## Abstract

Let G be a finitely generated Fuchsian group of the first kind acting on the unit disk $\Delta $ and let S be the unit circle. If g is a Mobius transformation, represented by $\left( \matrix\format\c\kern.8em&\c \\ \alpha & \beta \\ \overline{\beta} & \overline{\alpha} \endmatrix \right)$ ($|\alpha|^{2}-|\beta|^{2}$ = 1) we write $\mu $(g) = 2($|\alpha|^{2}+|\beta|^{2}$). Let $\zeta \in $ S. Then there is a constant c > 0 so that for any $\eta \in $ S which is not a parabolic fixed point of G the inequality $|\eta $ - g($\zeta $)$|$ < c/$\mu $(g) has infinitely many solutions in G. This has been known for a long time (Hedlund's lemma). This can be significantly sharpened in the following manner. If G has parabolic elements let $\zeta $ be a fixed parabolic fixed point, otherwise let it be a fixed hyperbolic fixed point of G. Then there is c > 0 so that for any X > 2, $\eta \in $ S there is a solution g $\in $ G of $\aligned |\eta -g(\zeta)| & \leq c/\surd (X\mu (g))\quad (\zeta \ \text{parabolic)}\\ & \leq c/X\quad \quad \quad \quad \ \ ,(\zeta \ \text{hyperbolic}) \endaligned $ with $\mu $(g) $\leq $ X. From this we show that if w(x) is a decreasing function satisfying w(2x)/w(x) $\geq $ c > 0 then the set A = {$\eta \in $ S: $|\eta $-g($\zeta $)$|\leq $ w($\mu $(g))/$\mu $(g) is soluble for infinitely many g $\in $ G} has measure 0 or 2$\pi $ as $\Sigma $w(2$^{n}$) converges or diverges.

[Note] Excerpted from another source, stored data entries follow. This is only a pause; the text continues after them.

lemma eventually_open_moment_filter:
  assumes "openin weak_top U" "\<nu> \<in> U"
  shows "eventually (\<lambda>M. M \<in> U) (moment_filter \<nu>)"
proof -
  have "generate_topology_on weak_subbasis U"
    using assms(1) unfolding weak_top_eq openin_topology_generated_by_iff .
  then show ?thesis
    using assms(2)
  proof (induction arbitrary: \<nu>)
    case (Int A B)
    from Int.prems have "\<nu> \<in> A" "\<nu> \<in> B"
      by auto
    then have "eventually (\<lambda>M. M \<in> A \<and> M \<in> B) (moment_filter \<nu>)"
      by (intro eventually_conj Int.IH)
    then show ?case
      by simp
  next
    case (UN K)
    from UN.prems obtain A where "A \<in> K" "\<nu> \<in> A"
      by blast
    then have "eventually (\<lambda>M. M \<in> A) (moment_filter \<nu>)"
      by (rule UN.IH)
    then show ?case
      by (rule eventually_mono) (use \<open>A \<in> K\<close> in blast)
  next
    case (Basis A)
    have "\<exists>f V. A = {M \<in> Meas. (\<integral>z. f z \<partial>M) \<in> V} \<and> continuous_on circleT f \<and> open (V :: real set)"
      using Basis.hyps unfolding weak_subbasis_def by (simp only: mem_Collect_eq)
    then obtain f and V :: "real set" where A: "A = {M \<in> Meas. (\<integral>z. f z \<partial>M) \<in> V}" and
        f: "continuous_on circleT f" and "open V"
      by blast
    have \<nu>: "\<nu> \<in> Meas" "(\<integral>z. f z \<partial>\<nu>) \<in> V"
      using Basis.prems unfolding A by simp_all
    have "eventually (\<lambda>M. (\<integral>z. f z \<partial>M) \<in> V) (moment_filter \<nu>)"
      by (rule topological_tendstoD[OF tendsto_integral_moment_filter[OF f \<nu>(1)] \<open>open V\<close> \<nu>(2)])
    with eventually_Meas_moment_filter
    have "eventually (\<lambda>M. M \<in> Meas \<and> (\<integral>z. f z \<partial>M) \<in> V) (moment_filter \<nu>)"
      by (rule eventually_conj)
    then show ?case
      unfolding A by simp
  qed simp
qed

lemma nhdsin_weak_top_eq_moment_filter:
  assumes \<nu>: "\<nu> \<in> Meas"
  shows "nhdsin weak_top \<nu> = moment_filter \<nu>"
proof (rule antisym)
  show "nhdsin weak_top \<nu> \<le> moment_filter \<nu>"
    unfolding le_filter_def
  proof (intro allI impI)
    fix P
    assume "eventually P (moment_filter \<nu>)"
    then obtain n \<epsilon> where "0 < \<epsilon>" and P: "\<forall>M \<in> uncert (moment \<nu>) n \<epsilon>. P M"
      unfolding eventually_moment_filter by blast
    have "\<forall>k \<in> {..n}. eventually (\<lambda>M. dist (moment M k) (moment \<nu> k) < \<epsilon>) (nhdsin weak_top \<nu>)"
      using tendsto_moment_nhdsin_weak_top[OF \<nu>] \<open>0 < \<epsilon>\<close> tendstoD by blast
    then have "eventually (\<lambda>M. \<forall>k \<in> {..n}. dist (moment M k) (moment \<nu> k) < \<epsilon>) (nhdsin weak_top \<nu>)"
      by (intro eventually_ball_finite) auto
    with eventually_Meas_nhdsin_weak_top show "eventually P (nhdsin weak_top \<nu>)"
    proof eventually_elim
      case (elim M)
      then have "M \<in> uncert (moment \<nu>) n \<epsilon>"
        by (auto simp: uncert_def dist_norm norm_minus_commute)
      with P show ?case
        by blast
    qed
  qed
  show "moment_filter \<nu> \<le> nhdsin weak_top \<nu>"
    unfolding le_filter_def
  proof (intro allI impI)
    fix P
    assume "eventually P (nhdsin weak_top \<nu>)"
    then obtain U where "openin weak_top U" "\<nu> \<in> U" "\<forall>M \<in> U. P M"
      unfolding eventually_nhdsin using \<nu> topspace_weak_top by blast
    then show "eventually P (moment_filter \<nu>)"
      using eventually_open_moment_filter eventually_mono by blast
  qed
qed

section \<open>Weak continuity of a metric\<close>

lemma eventually_nhdsin_lt_if_continuous_map:
  fixes d :: "'a \<Rightarrow> 'a \<Rightarrow> real"
  assumes cont: "continuous_map (prod_topology X X) euclideanreal (\<lambda>p. d (fst p) (snd p))"
    and refl: "\<And>a. a \<in> topspace X \<Longrightarrow> d a a = 0"
  shows "\<forall>a \<in> topspace X. \<forall>\<eta>>0. eventually (\<lambda>x. d a x < \<eta>) (nhdsin X a)"
proof (intro ballI allI impI)
  fix a and \<eta> :: real
  assume a: "a \<in> topspace X" and "0 < \<eta>"
  let ?P = "{p \<in> topspace (prod_topology X X). d (fst p) (snd p) \<in> {..<\<eta>}}"
  have "openin (prod_topology X X) ?P"
    by (rule openin_continuous_map_preimage[OF cont]) simp
  moreover have "(a, a) \<in> ?P"
    using a refl[OF a] \<open>0 < \<eta>\<close> by simp
  ultimately have "\<exists>U V. openin X U \<and> openin X V \<and> a \<in> U \<and> a \<in> V \<and> U \<times> V \<subseteq> ?P"
    by (rule openin_prod_topology_alt[THEN iffD1, rule_format])
  then obtain U V where "openin X V" "a \<in> U" "a \<in> V" "U \<times> V \<subseteq> ?P"
    by iprover
  then have "\<forall>x \<in> V. d a x < \<eta>"
    by auto
  with \<open>openin X V\<close> \<open>a \<in> V\<close> show "eventually (\<lambda>x. d a x < \<eta>) (nhdsin X a)"
    unfolding eventually_nhdsin by blast
qed

lemma abs_pseudometric_diff_le:
  fixes d :: "'a \<Rightarrow> 'a \<Rightarrow> real"
  assumes sym: "\<And>a b. a \<in> topspace X \<Longrightarrow> b \<in> topspace X \<Longrightarrow> d a b = d b a"
    and triangle: "\<And>a b c. a \<in> topspace X \<Longrightarrow> b \<in> topspace X \<Longrightarrow> c \<in> topspace X \<Longrightarrow>
      d a c \<le> d a b + d b c"
    and "a \<in> topspace X" "b \<in> topspace X" "x \<in> topspace X" "y \<in> topspace X"
  shows "\<bar>d x y - d a b\<bar> \<le> d a x + d b y"
  unfolding abs_le_iff
  using triangle[of x a y] triangle[of a b y] triangle[of a x b] triangle[of x y b]
    sym[of x a] sym[of y b] assms(3-)
  by linarith

lemma continuous_map_if_eventually_nhdsin_lt:
  fixes d :: "'a \<Rightarrow> 'a \<Rightarrow> real"
  assumes sym: "\<And>a b. a \<in> topspace X \<Longrightarrow> b \<in> topspace X \<Longrightarrow> d a b = d b a"
    and triangle: "\<And>a b c. a \<in> topspace X \<Longrightarrow> b \<in> topspace X \<Longrightarrow> c \<in> topspace X \<Longrightarrow>
      d a c \<le> d a b + d b c"
    and near: "\<forall>a \<in> topspace X. \<forall>\<eta>>0. eventually (\<lambda>x. d a x < \<eta>) (nhdsin X a)"
  shows "continuous_map (prod_topology X X) euclideanreal (\<lambda>p. d (fst p) (snd p))"
  unfolding continuous_map_def
proof (intro conjI allI impI)
  fix U :: "real set"
  assume "openin euclideanreal U"
  then have "open U"
    by simp
  show "openin (prod_topology X X) {p \<in> topspace (prod_topology X X). d (fst p) (snd p) \<in> U}"
    (is "openin _ ?P")
  proof (subst openin_subopen, intro ballI)
    fix p
    assume "p \<in> ?P"
    then obtain a b where p: "p = (a, b)" and a: "a \<in> topspace X" and b: "b \<in> topspace X"
      and "d a b \<in> U"
      by auto
    then obtain \<eta> where "0 < \<eta>" and \<eta>: "ball (d a b) \<eta> \<subseteq> U"
      using \<open>open U\<close> openE by blast
    moreover have "0 < \<eta> / 2"
      using \<open>0 < \<eta>\<close> by simp
    ultimately have "eventually (\<lambda>x. d a x < \<eta> / 2) (nhdsin X a)" "eventually (\<lambda>y. d b y < \<eta> / 2) (nhdsin X b)"
      using near a b by blast+
    then obtain S T where S: "openin X S" "a \<in> S" "\<forall>x\<in>S. d a x < \<eta> / 2"
      and T: "openin X T" "b \<in> T" "\<forall>y\<in>T. d b y < \<eta> / 2"
      unfolding eventually_nhdsin using a b by blast
    have "S \<times> T \<subseteq> ?P"
    proof (rule subrelI)
      fix x y
      assume "(x, y) \<in> S \<times> T"
      then have "x \<in> S" "y \<in> T"
        by simp_all
      then have "x \<in> topspace X" "y \<in> topspace X"
        using S(1) T(1) openin_subset by blast+
      moreover have "d a x < \<eta> / 2" "d b y < \<eta> / 2"
        using \<open>x \<in> S\<close> \<open>y \<in> T\<close> S(3) T(3) by blast+
      ultimately have "\<bar>d x y - d a b\<bar> < \<eta>"
        using abs_pseudometric_diff_le[where X = X and d = d, OF sym triangle a b \<open>x \<in> topspace X\<close> \<open>y \<in> topspace X\<close>]
        by linarith
      then have "d x y \<in> U"
        using \<eta> by (auto simp: dist_real_def abs_minus_commute)
      with \<open>x \<in> topspace X\<close> \<open>y \<in> topspace X\<close> show "(x, y) \<in> ?P"
        by simp
    qed
    moreover have "openin (prod_topology X X) (S \<times> T)"
      using S(1) T(1) by (simp add: openin_prod_Times_iff)
    ultimately show "\<exists>W. openin (prod_topology X X) W \<and> p \<in> W \<and> W \<subseteq> ?P"
      using p S(2) T(2) by blast
  qed
qed simp

lemma continuous_map_pseudometric_iff:
  fixes d :: "'a \<Rightarrow> 'a \<Rightarrow> real"
  assumes refl: "\<And>a. a \<in> topspace X \<Longrightarrow> d a a = 0"
    and sym: "\<And>a b. a \<in> topspace X \<Longrightarrow> b \<in> topspace X \<Longrightarrow> d a b = d b a"
    and triangle: "\<And>a b c. a \<in> topspace X \<Longrightarrow> b \<in> topspace X \<Longrightarrow> c \<in> topspace X \<Longrightarrow>
      d a c \<le> d a b + d b c"
  shows "continuous_map (prod_topology X X) euclideanreal (\<lambda>p. d (fst p) (snd p)) \<longleftrightarrow>
    (\<forall>a \<in> topspace X. \<forall>\<eta>>0. eventually (\<lambda>x. d a x < \<eta>) (nhdsin X a))"
  using eventually_nhdsin_lt_if_continuous_map[OF _ refl]
    continuous_map_if_eventually_nhdsin_lt[OF sym triangle]
  by (rule iffI)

Finally we show that the set B = {$\eta \in $ S: there is c > 0 so that $|\eta $-g($\zeta $)$|$ > c/$\mu $(g) for all g $\in $ G}, has Hausdorff dimension 1, although by the result above it has measure 0. These results are analogous to various theorems in the metrical theory of numbers, and they reduce to these if G is taken to be the modular group. The proofs involve a close study of the geometry of the action of G on $\Delta $.